Material supplied:
lemma has_integral_divergence_compact_support_UNIV:
  fixes P Q Px Qy :: "real \<times> real \<Rightarrow> real"
  assumes "compact K" and off_K: "\<And>q. q \<notin> K \<Longrightarrow> P q = 0 \<and> Q q = 0 \<and> Px q = 0 \<and> Qy q = 0"
    and cont: "continuous_on UNIV Px" "continuous_on UNIV Qy"
    and dP: "\<And>x y. ((\<lambda>t. P (t, y)) has_real_derivative Px (x, y)) (at x)"
    and dQ: "\<And>x y. ((\<lambda>t. Q (x, t)) has_real_derivative Qy (x, y)) (at y)"
  shows "((\<lambda>q. Px q + Qy q) has_integral 0) UNIV"
proof -
  \<comment> \<open>0 is added only to make the box nonempty when K is empty\<close>
  obtain a where a: "insert 0 K \<subseteq> box (-a) a"
    using bounded_subset_box_symmetric \<open>compact K\<close> compact_imp_bounded bounded_insert by metis
  obtain a1 a2 where a12: "a = (a1, a2)"
    by fastforce
  have mem_box: "(x, y) \<in> box (-a) a \<longleftrightarrow> -a1 < x \<and> x < a1 \<and> -a2 < y \<and> y < a2" for x y
    by (auto simp: a12 mem_box Basis_prod_def)
  have "-a1 \<le> a1" "-a2 \<le> a2"
    using a mem_box[of 0 0] by (auto simp: zero_prod_def)
  have off_box: "(x, y) \<notin> K" if "x = a1 \<or> x = -a1 \<or> y = a2 \<or> y = -a2" for x y
    using a mem_box that by auto
  define B where "B = cbox (-a1, -a2) (a1, a2)"
  have K_B: "K \<subseteq> B"
    using a box_subset_cbox by (fastforce simp: B_def a12)
  have "integral B Px = integral {-a2..a2} (\<lambda>y. P (a1, y) - P (-a1, y))"
    unfolding B_def using cont \<open>-a1 \<le> a1\<close> by (intro integral_box_px dP) (auto intro: continuous_on_subset)
  also have "\<dots> = 0"
    using off_box off_K by simp
  finally have int_Px: "integral B Px = 0" .
  have "integral B Qy = integral {-a1..a1} (\<lambda>x. Q (x, a2) - Q (x, -a2))"
    unfolding B_def using cont \<open>-a2 \<le> a2\<close> by (intro integral_box_py dQ) (auto intro: continuous_on_subset)
  also have "\<dots> = 0"
    using off_box off_K by simp
  finally have int_Qy: "integral B Qy = 0" .
  have "Px integrable_on B" "Qy integrable_on B"
    using cont unfolding B_def by (auto intro: integrable_continuous continuous_on_subset)
  then have "((\<lambda>q. Px q + Qy q) has_integral 0) B"
    using has_integral_add[OF integrable_integral integrable_integral] int_Px int_Qy by fastforce
  moreover have "Px q + Qy q = 0" if "q \<notin> B" for q
  proof -
    have "q \<notin> K"
      using K_B that by blast
    then show ?thesis
      using off_K by simp
  qed
  ultimately show ?thesis
    by (rule has_integral_on_superset) simp_all
qed

lemma has_integral_divergence_compact_support:
  fixes P Q Px Qy :: "real \<times> real \<Rightarrow> real"
  assumes "open \<Omega>" and "compact K" and "K \<subseteq> \<Omega>"
    and P0: "\<And>q. q \<in> \<Omega> - K \<Longrightarrow> P q = 0" and Q0: "\<And>q. q \<in> \<Omega> - K \<Longrightarrow> Q q = 0"
    and "continuous_on \<Omega> Px" and "continuous_on \<Omega> Qy"
    and dP: "\<And>x y. (x, y) \<in> \<Omega> \<Longrightarrow> ((\<lambda>t. P (t, y)) has_real_derivative Px (x, y)) (at x)"
    and dQ: "\<And>x y. (x, y) \<in> \<Omega> \<Longrightarrow> ((\<lambda>t. Q (x, t)) has_real_derivative Qy (x, y)) (at y)"
  shows "((\<lambda>q. Px q + Qy q) has_integral 0) \<Omega>"
proof -
  define ext where "ext f q = (if q \<in> \<Omega> then f q else (0::real))" for f q
  have "closed K" and "open (\<Omega> - K)"
    using \<open>compact K\<close> \<open>open \<Omega>\<close> by (auto intro: compact_imp_closed)
  have lines: "continuous_on UNIV (\<lambda>t. (t, y))" "continuous_on UNIV (\<lambda>t. (x, t))" for x y :: real
    by (intro continuous_intros)+
  have Px0: "Px q = 0" if "q \<in> \<Omega> - K" for q
    by (rule has_real_derivative_locally_zero_eq_0[OF \<open>open (\<Omega> - K)\<close> lines(1)[of "snd q"],
          where s = "fst q" and f = P]) (use that P0 dP[of "fst q" "snd q"] in simp_all)
  have Qy0: "Qy q = 0" if "q \<in> \<Omega> - K" for q
    by (rule has_real_derivative_locally_zero_eq_0[OF \<open>open (\<Omega> - K)\<close> lines(2)[of "fst q"],
          where s = "snd q" and f = Q]) (use that Q0 dQ[of "fst q" "snd q"] in simp_all)
  have "((\<lambda>q. ext Px q + ext Qy q) has_integral 0) UNIV"
  proof (rule has_integral_divergence_compact_support_UNIV[OF \<open>compact K\<close>])
    show "ext P q = 0 \<and> ext Q q = 0 \<and> ext Px q = 0 \<and> ext Qy q = 0" if "q \<notin> K" for q
      using that P0 Q0 Px0 Qy0 by (auto simp: ext_def)
    show "continuous_on UNIV (ext Px)" "continuous_on UNIV (ext Qy)"
      unfolding ext_def using assms \<open>closed K\<close> Px0 Qy0
      by (auto intro!: continuous_on_zero_extension)
    show "((\<lambda>t. ext P (t, y)) has_real_derivative ext Px (x, y)) (at x)" for x y
      unfolding ext_def using assms \<open>closed K\<close> lines
      by (intro has_real_derivative_zero_extension[of _ K "\<lambda>t. (t, y)", simplified]) auto
    show "((\<lambda>t. ext Q (x, t)) has_real_derivative ext Qy (x, y)) (at y)" for x y
      unfolding ext_def using assms \<open>closed K\<close> lines
      by (intro has_real_derivative_zero_extension[of _ K "\<lambda>t. (x, t)", simplified]) auto
  qed
  then have "((\<lambda>q. if q \<in> \<Omega> then Px q + Qy q else 0) has_integral 0) UNIV"
    by (rule has_integral_eq[rotated]) (simp add: ext_def)
  then show ?thesis
    by (simp only: has_integral_restrict_UNIV)
qed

To do:
Give back exactly the lines beginning at the one with "else 0) has_integral" and ending at the final line of the material; both boundary lines belong in it.

Solution for this problem:
  then have "((\<lambda>q. if q \<in> \<Omega> then Px q + Qy q else 0) has_integral 0) UNIV"
    by (rule has_integral_eq[rotated]) (simp add: ext_def)
  then show ?thesis
    by (simp only: has_integral_restrict_UNIV)
qed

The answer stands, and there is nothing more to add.